Marc Soss posted on March 01, 2009 00:09
NRA News, March 2009
By LCDR Marc J. Soss, SC, USN
On 10 October 2008, the Veterans’ Benefits Improvement Act of 2008 (S. 3023) was signed into law. Major provisions of the law directly impact the Veterans Administration Home Loan Guaranty Programs, originally established in 1944 under the original GI Bill, and amends Sections 3703, 3707, and 3710 of Title 38, United States Code. Eligibility requires good credit, no prior mortgage defaults, and a residence with a value at least as much as being borrowed. The end result is enhanced opportunities for veterans to obtain or refinance an existing mortgage (including a sub-prime mortgage) with a VA loan and potentially avoid foreclosure.
Home Loan Guaranty Amount
Section 3703(a)(1) of Title 38, United States Code, is amended to provide that for any loan closed between 10 October 2008 and 31 December 2011 (except in Alaska, Guam, Hawaii, and the U.S. Virgin Islands), the maximum loan guaranty amount will be the greater of twenty-five (25%) percent of (a) $417,000 or (b) 125 percent of the area median price for a single-family residence, but in no case to exceed 175 percent of the limitation determined under section 305(a)(2) for the calendar year in which the loan is originated. This equates to a maximum loan amount of $1,094,625 (in January 2009).

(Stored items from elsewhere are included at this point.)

lemma global_balance_pos:
  assumes "finite X" and "irreducible X r" and r: "\<And>S T. 0 \<le> r S T"
    and bal: "global_balance X r \<pi>" and \<pi>: "\<forall>S\<in>X. 0 \<le> \<pi> S" and "(\<Sum>S\<in>X. \<pi> S) \<noteq> 0"
    and "S \<in> X"
  shows "0 < \<pi> S"
proof -
  define Z where "Z = {S \<in> X. \<pi> S = 0}"
  have "Z \<noteq> X"
  proof
    assume "Z = X"
    then have "(\<Sum>S\<in>X. \<pi> S) = 0" unfolding Z_def by (intro sum.neutral) blast
    then show False using \<open>(\<Sum>S\<in>X. \<pi> S) \<noteq> 0\<close> by contradiction
  qed
  moreover have "S \<in> Z" if "(S, T) \<in> transitions X r" and "T \<in> Z" for S T
  proof -
    have "(\<Sum>S\<in>X - {T}. \<pi> S * r S T) = 0"
      using bal \<open>T \<in> Z\<close> unfolding global_balance_def Z_def by simp
    moreover have "\<forall>S\<in>X - {T}. 0 \<le> \<pi> S * r S T" using \<pi> r by simp
    ultimately have "\<forall>S\<in>X - {T}. \<pi> S * r S T = 0"
      using \<open>finite X\<close> sum_nonneg_eq_0_iff[of "X - {T}" "\<lambda>S. \<pi> S * r S T"] by blast
    moreover have "S \<in> X - {T}" and "r S T \<noteq> 0" using that(1) unfolding transitions_def by auto
    ultimately show ?thesis using that(1) unfolding transitions_def Z_def by auto
  qed
  ultimately have "Z = {}"
    using irreducible_predecessor_closed[OF \<open>irreducible X r\<close>, of Z] unfolding Z_def by auto
  then show ?thesis using \<pi> \<open>S \<in> X\<close> unfolding Z_def by force
qed

text \<open>Maximum principle: the set where \<open>w / \<pi>\<close> is maximal is closed under predecessors.\<close>
lemma global_balance_proportional:
  assumes "finite X" and "irreducible X r" and r: "\<And>S T. 0 \<le> r S T"
    and bal\<pi>: "global_balance X r \<pi>" and \<pi>: "\<forall>S\<in>X. 0 < \<pi> S" and balw: "global_balance X r w"
  shows "\<exists>c. \<forall>S\<in>X. w S = c * \<pi> S"
proof (cases "X = {}")
  case False
  define f where "f S = w S / \<pi> S" for S
  have w: "w S = f S * \<pi> S" if "S \<in> X" for S
    using \<pi> that unfolding f_def by (simp add: less_imp_neq[symmetric])
  define M where "M = Max (f ` X)"
  have fM: "f S \<le> M" if "S \<in> X" for S
    unfolding M_def using \<open>finite X\<close> that by simp
  define Z where "Z = {S \<in> X. f S = M}"
  have "M \<in> f ` X" unfolding M_def using \<open>finite X\<close> False by simp
  then have "Z \<noteq> {}" unfolding Z_def by auto
  moreover have "S \<in> Z" if S: "(S, T) \<in> transitions X r" and "T \<in> Z" for S T
  proof -
    have T: "T \<in> X" "f T = M" using \<open>T \<in> Z\<close> unfolding Z_def by auto
    have "(\<Sum>S\<in>X - {T}. \<pi> S * r S T * (M - f S))
        = M * (\<Sum>S\<in>X - {T}. \<pi> S * r S T) - (\<Sum>S\<in>X - {T}. w S * r S T)"
      by (simp add: sum_subtractf sum_distrib_left algebra_simps w)
    also have "\<dots> = 0"
      using bal\<pi> balw T unfolding global_balance_def by (simp add: w)
    finally have "(\<Sum>S\<in>X - {T}. \<pi> S * r S T * (M - f S)) = 0" .
    moreover have "\<forall>S\<in>X - {T}. 0 \<le> \<pi> S * r S T * (M - f S)"
      using \<pi> r fM by (simp add: less_imp_le)
    ultimately have "\<pi> S * r S T * (M - f S) = 0"
      using S \<open>finite X\<close> sum_nonneg_eq_0_iff[of "X - {T}" "\<lambda>S. \<pi> S * r S T * (M - f S)"]
      unfolding transitions_def by blast
    then show ?thesis using S \<pi> unfolding transitions_def Z_def by auto
  qed
  ultimately have "Z = X"
    using irreducible_predecessor_closed[OF \<open>irreducible X r\<close>, of Z] unfolding Z_def by auto
  then show ?thesis using w unfolding Z_def by auto
qed simp

lemma global_balance_eq_total_mult:
  assumes "finite X" and "irreducible X r" and "\<And>S T. 0 \<le> r S T"
    and "global_balance X r \<pi>" and "\<forall>S\<in>X. 0 \<le> \<pi> S" and "(\<Sum>S\<in>X. \<pi> S) = 1"
    and "global_balance X r w" and "S \<in> X"
  shows "w S = (\<Sum>S\<in>X. w S) * \<pi> S"
proof -
  have "\<forall>S\<in>X. 0 < \<pi> S" using global_balance_pos[OF assms(1-5)] assms(6) by simp
  then obtain c where c: "\<forall>S\<in>X. w S = c * \<pi> S"
    using global_balance_proportional[OF assms(1-4) _ assms(7)] by blast
  then have "(\<Sum>S\<in>X. w S) = c"
    using assms(6) by (simp add: sum_distrib_left[symmetric])
  then show ?thesis using c \<open>S \<in> X\<close> by simp
qed

section \<open>Irreducibility of the PASEP\<close>

lemma pasep_rate_nonneg: "0 \<le> q \<Longrightarrow> 0 \<le> pasep_rate n q S T"
  unfolding pasep_rate_def by (intro add_nonneg_nonneg sum_nonneg) auto

lemma pasep_rate_hop_right_pos:
  assumes "0 \<le> q" and "2 \<le> s" "s \<le> n" and "s \<in> S" "s - 1 \<notin> S"
  shows "0 < pasep_rate n q S (insert (s - 1) (S - {s}))"
proof -
  let ?hop = "\<lambda>s'. if s' \<in> S \<and> s' - 1 \<notin> S \<and> insert (s - 1) (S - {s}) = insert (s' - 1) (S - {s'})
    then 1 else 0::real"
  have "1 \<le> (\<Sum>s'\<in>{2..n}. ?hop s')"
    using member_le_sum[of s "{2..n}" ?hop] assms by simp
  then show ?thesis
    using \<open>0 \<le> q\<close> unfolding pasep_rate_def by (smt (verit) sum_nonneg)
qed

lemma pasep_rate_entry_pos: "0 \<le> q \<Longrightarrow> n \<notin> S \<Longrightarrow> 0 < pasep_rate n q S (insert n S)"
  unfolding pasep_rate_def by (smt (verit) sum_nonneg)

lemma pasep_rate_exit_pos: "0 \<le> q \<Longrightarrow> 1 \<in> S \<Longrightarrow> 0 < pasep_rate n q S (S - {1})"
  unfolding pasep_rate_def by (smt (verit) sum_nonneg)

abbreviation pasep_transitions :: "nat \<Rightarrow> real \<Rightarrow> nat set rel" where
  "pasep_transitions n q \<equiv> transitions (pasep_states n) (pasep_rate n q)"

text \<open>Every state empties by exits at site 1 and right hops of its rightmost particle.\<close>
lemma pasep_reaches_empty:
  assumes "0 \<le> q" and "S \<in> pasep_states n"
  shows "(S, {}) \<in> (pasep_transitions n q)\<^sup>*"
  using assms(2)
proof (induction S rule: measure_induct_rule[where f = "\<lambda>S. \<Sum>S"])
  case (less S)
  have S: "S \<subseteq> {1..n}" using less.prems by (simp add: pasep_states_def)
  then have "finite S" by (rule finite_subset) simp
  have "\<exists>S'. (S, S') \<in> pasep_transitions n q \<and> \<Sum>S' < \<Sum>S" if "S \<noteq> {}"
  proof (cases "1 \<in> S")
    case True
    have "(S, S - {1}) \<in> pasep_transitions n q"
      using S True pasep_rate_exit_pos[OF \<open>0 \<le> q\<close> True]
      unfolding transitions_def pasep_states_def by auto
    moreover have "\<Sum>(S - {1}) < \<Sum>S"
      using \<open>finite S\<close> True by (simp add: sum.remove)
    ultimately show ?thesis by blast
  next
    case False
    define m where "m = Min S"
    have "m \<in> S" using \<open>finite S\<close> \<open>S \<noteq> {}\<close> unfolding m_def by simp
    have "m \<noteq> 1" "m \<in> {1..n}" using S \<open>m \<in> S\<close> False by auto
    then have "2 \<le> m" "m \<le> n" by auto
    have "m - 1 \<notin> S"
      using Min_le[OF \<open>finite S\<close>] \<open>2 \<le> m\<close> unfolding m_def by fastforce
    have "(S, insert (m - 1) (S - {m})) \<in> pasep_transitions n q"
      using S \<open>2 \<le> m\<close> \<open>m \<le> n\<close> \<open>m \<in> S\<close> \<open>m - 1 \<notin> S\<close>
        pasep_rate_hop_right_pos[OF \<open>0 \<le> q\<close> \<open>2 \<le> m\<close> \<open>m \<le> n\<close> \<open>m \<in> S\<close> \<open>m - 1 \<notin> S\<close>]
      unfolding transitions_def pasep_states_def by auto
    moreover have "\<Sum>(insert (m - 1) (S - {m})) < \<Sum>S"
      using \<open>finite S\<close> \<open>m \<in> S\<close> \<open>m - 1 \<notin> S\<close> \<open>2 \<le> m\<close> by (simp add: sum.remove)
    ultimately show ?thesis by blast
  qed
  then show ?case
    using less.IH by (cases "S = {}") (auto simp: transitions_def intro: converse_rtrancl_into_rtrancl)
qed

In Alaska, Guam, Hawaii, and the U.S. Virgin Islands, the maximum loan guaranty amount will be the greater of twenty-five (25%) percent of (a) $625,500 or (b) 125 percent of the area median price for a single-family residence. This equates to a maximum loan amount of $1,641,937.50 (in January 2009).
The new law also reduces the loan origination fee for home loans to one (1%) percent of the loan value. The maximum loan guaranty amounts will be adjusted annually. In addition, the loan guarantee amount will be reduced by any previously used entitlement that has not been restored.
Home Loan Refinancing
Section 3710(b)(8) of Title 38, United States Code, is amended by increasing to one hundred (100%) percent (up from ninety (90%) percent) the maximum refinanced loan guaranty amount. This will allow home loan refinancing up to $417,000 in most locations, and up to $729,750 in high-cost areas. The amendment also eliminates the loan origination fee for refinancing. All other VA loan program requirements will remain the same.
Extension of Adjustable Rate Loan Guaranty Programs
Section 3707 of Title 38, United States Code, is amended by extending the Adjustable Rate Mortgage (“ARM”) and Hybrid Adjustable Rate Mortgage (“HARM”) programs through 30 September 2012 (the program had expired on 30 September 2008). All VA program requirements related to ARMs and HARMs will remain in effect.
The ARM and HARM programs originated in 1993 as a demonstration project. The program’s interest rate adjustment provisions: (1) correspond to a national interest rate index; (2) adjust the monthly payment on an annual basis; (3) are limited to a single annual interest rate adjustment (with a maximum increase or decrease of one (1%) percentage point; and (4) are limited, over the term of the mortgage, to a maximum increase of five (5%) percentage points above the initial contract interest rate.